1. An implantable electrical stimulator with electromagnetic shielding function, comprising a first housing part housing the control device, a second housing part housing the at least one interaction device, a control device and at least one interaction device electrically connected with the control device, the first housing part being configured to at least partially form an electromagnetic shielding of the control device with respect to an external environment, the second housing part being configured to allow the at least one interaction device to interact wirelessly with an extracorporeal device.

2. The implantable electrical stimulator with electromagnetic shielding function according to claim 1, further comprising an electromagnetic shield, the first housing part being provided with a through passage, the electromagnetic shield blocking the through passage, the at least one interaction device being electrically connected to the control device by at least one connection wire, respectively; one end of each connecting wire is electrically connected with the control device, and the other end of each connecting wire is electrically connected with the corresponding interaction device through the electromagnetic shielding piece.

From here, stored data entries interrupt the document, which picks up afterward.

definition Lset :: "('s, 't, 'r, 'd, 'p, 'z) inst_scheme \<Rightarrow> ('p \<Rightarrow> ('t \<times> 'r) option)
                    \<Rightarrow> ('p \<times> nat \<Rightarrow> nat) \<Rightarrow> 'p \<Rightarrow> ('t \<times> 'r) \<Rightarrow> ('p \<times> nat) set" where
  "Lset N asg tx p e = Adjset N asg tx p e - Hset N asg tx p e"

definition imp :: "('s, 't, 'r, 'd, 'p, 'z) inst_scheme \<Rightarrow> ('p \<Rightarrow> ('t \<times> 'r) option)
                    \<Rightarrow> ('p \<times> nat \<Rightarrow> nat) \<Rightarrow> 'p \<Rightarrow> ('t \<times> 'r) \<Rightarrow> real" where
  "imp N asg tx p e =
     wt N p * (real (d_st N (fst e)) + (real (d_e N e) + 1) / 2 + real (d_rd N (snd e)))
     + wt N p * real (card (Hset N asg tx p e))
     + real (d_e N e) * (\<Sum>c\<in>Lset N asg tx p e. cw N asg c)"

definition pending :: "('s, 't, 'r, 'd, 'p, 'z) inst_scheme \<Rightarrow> ('p \<Rightarrow> ('t \<times> 'r) option)
                    \<Rightarrow> ('p \<times> nat \<Rightarrow> nat) \<Rightarrow> nat \<Rightarrow> ('p \<times> nat) set" where
  "pending N asg tx \<tau> = {c \<in> chunks N asg. rel N (fst c) \<le> \<tau> \<and> \<tau> \<le> tx c}"

definition alg_assignment :: "('s, 't, 'r, 'd, 'p, 'z) inst_scheme \<Rightarrow> ('p \<Rightarrow> ('t \<times> 'r) option)
                    \<Rightarrow> ('p \<times> nat \<Rightarrow> nat) \<Rightarrow> bool" where
  "alg_assignment N asg tx \<longleftrightarrow>
     (\<forall>p\<in>packets N.
        (\<exists>e\<in>Ep N p. (\<forall>e'\<in>Ep N p. imp N asg tx p e \<le> imp N asg tx p e') \<and>
           (if p \<in> Pi_l N \<and> wt N p * real (d_l N (psrc N p, pdst N p)) \<le> imp N asg tx p e
            then asg p = None else asg p = Some e)))"

(* the greedy scheduler: at every step \<tau> \<ge> 1 the set of chunks transmitted at \<tau>
   is the greedy matching built along some order L of the pending chunks that
   lists them by decreasing weight, ties broken by \<prec> on packets, then arbitrarily *)
definition alg_schedule :: "('s, 't, 'r, 'd, 'p, 'z) inst_scheme \<Rightarrow> ('p \<Rightarrow> ('t \<times> 'r) option)
                    \<Rightarrow> ('p \<times> nat \<Rightarrow> nat) \<Rightarrow> bool" where
  "alg_schedule N asg tx \<longleftrightarrow>
     (\<forall>c\<in>chunks N asg. rel N (fst c) \<le> tx c) \<and>
     (\<forall>\<tau>\<ge>1. \<exists>L :: ('p \<times> nat) \<Rightarrow> ('p \<times> nat) \<Rightarrow> bool.
        let P = pending N asg tx \<tau> in
        (\<forall>c\<in>P. \<not> L c c) \<and>
        (\<forall>a\<in>P. \<forall>b\<in>P. \<forall>c\<in>P. L a b \<longrightarrow> L b c \<longrightarrow> L a c) \<and>
        (\<forall>a\<in>P. \<forall>b\<in>P. a \<noteq> b \<longrightarrow> L a b \<or> L b a) \<and>
        (\<forall>a\<in>P. \<forall>b\<in>P. (cw N asg a > cw N asg b \<or>
                         (cw N asg a = cw N asg b \<and> prec N (fst a) (fst b))) \<longrightarrow> L a b) \<and>
        {c \<in> P. tx c = \<tau>} =
          {c \<in> P. \<not> (\<exists>c'\<in>P. tx c' = \<tau> \<and> L c' c \<and> adj (cedge asg c') (cedge asg c))})"

definition alg_run :: "('s, 't, 'r, 'd, 'p, 'z) inst_scheme \<Rightarrow> ('p \<Rightarrow> ('t \<times> 'r) option)
                    \<Rightarrow> ('p \<times> nat \<Rightarrow> nat) \<Rightarrow> bool" where
  "alg_run N asg tx \<longleftrightarrow> alg_assignment N asg tx \<and> alg_schedule N asg tx"
(* Every triality of a thick building of type $\mathsf{D}_4$ is capped.
   Context: The Coxeter graph $\mathsf{D}_4$ has central node $2$ joined to nodes $1,3,4$. A triality is an automorphism of the building inducing an order $3$ automorphism of the Coxeter graph (cyclically permuting $1,3,4$). Simplices are opposite if every chamber containing either is opposite some chamber containing the other. $\mathrm{Opp}(\theta)$ is the set of simplices opposite their image; $\mathrm{Type}(\theta)$ is the union of the type sets of simplices in $\mathrm{Opp}(\theta)$; $\theta$ is capped if $\mathrm{Opp}(\theta)$ contains a simplex of type $\mathrm{Type}(\theta)$. *)

theory Defs
  imports Main
begin

text \<open>Elements of W act on the integers; they permute the set {-4..-1,1..4}
  commuting with negation and fix every other integer.  Nodes are labelled
  1,2,3,4 with central node 2 joined to 1, 3 and 4 (Bourbaki labelling).\<close>

definition swp :: "int \<Rightarrow> int \<Rightarrow> int \<Rightarrow> int" where
  "swp a b x = (if \<bar>x\<bar> = a then sgn x * b else if \<bar>x\<bar> = b then sgn x * a else x)"

definition nswp :: "int \<Rightarrow> int \<Rightarrow> int \<Rightarrow> int" where
  "nswp a b x = (if \<bar>x\<bar> = a then - (sgn x * b) else if \<bar>x\<bar> = b then - (sgn x * a) else x)"

definition D4_S :: "nat set" where
  "D4_S = {1, 2, 3, 4}"

definition gen :: "nat \<Rightarrow> int \<Rightarrow> int" where
  "gen i = (if i = 1 then swp 1 2 else if i = 2 then swp 2 3
            else if i = 3 then swp 3 4 else if i = 4 then nswp 3 4 else id)"

definition wprod :: "nat list \<Rightarrow> int \<Rightarrow> int" where
  "wprod ws = foldr (\<lambda>i f. gen i \<circ> f) ws id"

definition coxW :: "(int \<Rightarrow> int) set" where
  "coxW = {wprod ws | ws. set ws \<subseteq> D4_S}"

definition len :: "(int \<Rightarrow> int) \<Rightarrow> nat" where
  "len w = (LEAST n. \<exists>ws. set ws \<subseteq> D4_S \<and> length ws = n \<and> wprod ws = w)"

3. The implantable electrical stimulator with electromagnetic shielding function according to claim 2, wherein the electromagnetic shield includes a conductive structure and a base body supporting the conductive structure.

4. An implantable electrical stimulator with electromagnetic shielding function according to claim 3, wherein the conductive structure is a conductive mesh or conductive particles distributed in the matrix.

5. An implantable electrical stimulator with electromagnetic shielding function according to claim 3, wherein the conductive structure is a conductive layer arranged in a layered manner with the base body.

6. The implantable electrical stimulator with electromagnetic shielding function according to claim 3, wherein the base body is insert-molded with the at least one connecting wire.

7. An implantable electrical stimulator with electromagnetic shielding function according to any one of claims 3 to 6, wherein the conductive structure is insulated from the connection line and electrically connected to the first housing portion.

8. An implantable electrical stimulator with electromagnetic shielding function according to claim 3, wherein the electromagnetic shielding member includes a connection portion including a peripheral wall portion surrounding the base body and a flange portion protruding outward from an outer surface of the peripheral wall portion.

9. The implantable electrical stimulator with electromagnetic shielding function according to claim 8, wherein the conductive structure is electrically connected to the first housing portion through the connection portion.

10. The implantable electrical stimulator with electromagnetic shielding function according to claim 8, wherein the base body is insert-molded with the at least one connecting wire and the connecting portion.

11. The implantable electrical stimulator with electromagnetic shielding function according to claim 1, wherein the control means includes a first circuit board and a second circuit board laminated and arranged at intervals in a thickness direction of the first housing portion, the first circuit board having opposite electronic-device-present faces and electronic-device-free faces in the thickness direction, the electronic-device-present faces being opposed to the second circuit board faces, the electronic-device-free faces being in contact with an inner surface of the first housing portion.

12. The implantable electrical stimulator with electromagnetic shielding function according to claim 1, wherein the at least one interaction device comprises a communication device and/or a wireless charging device.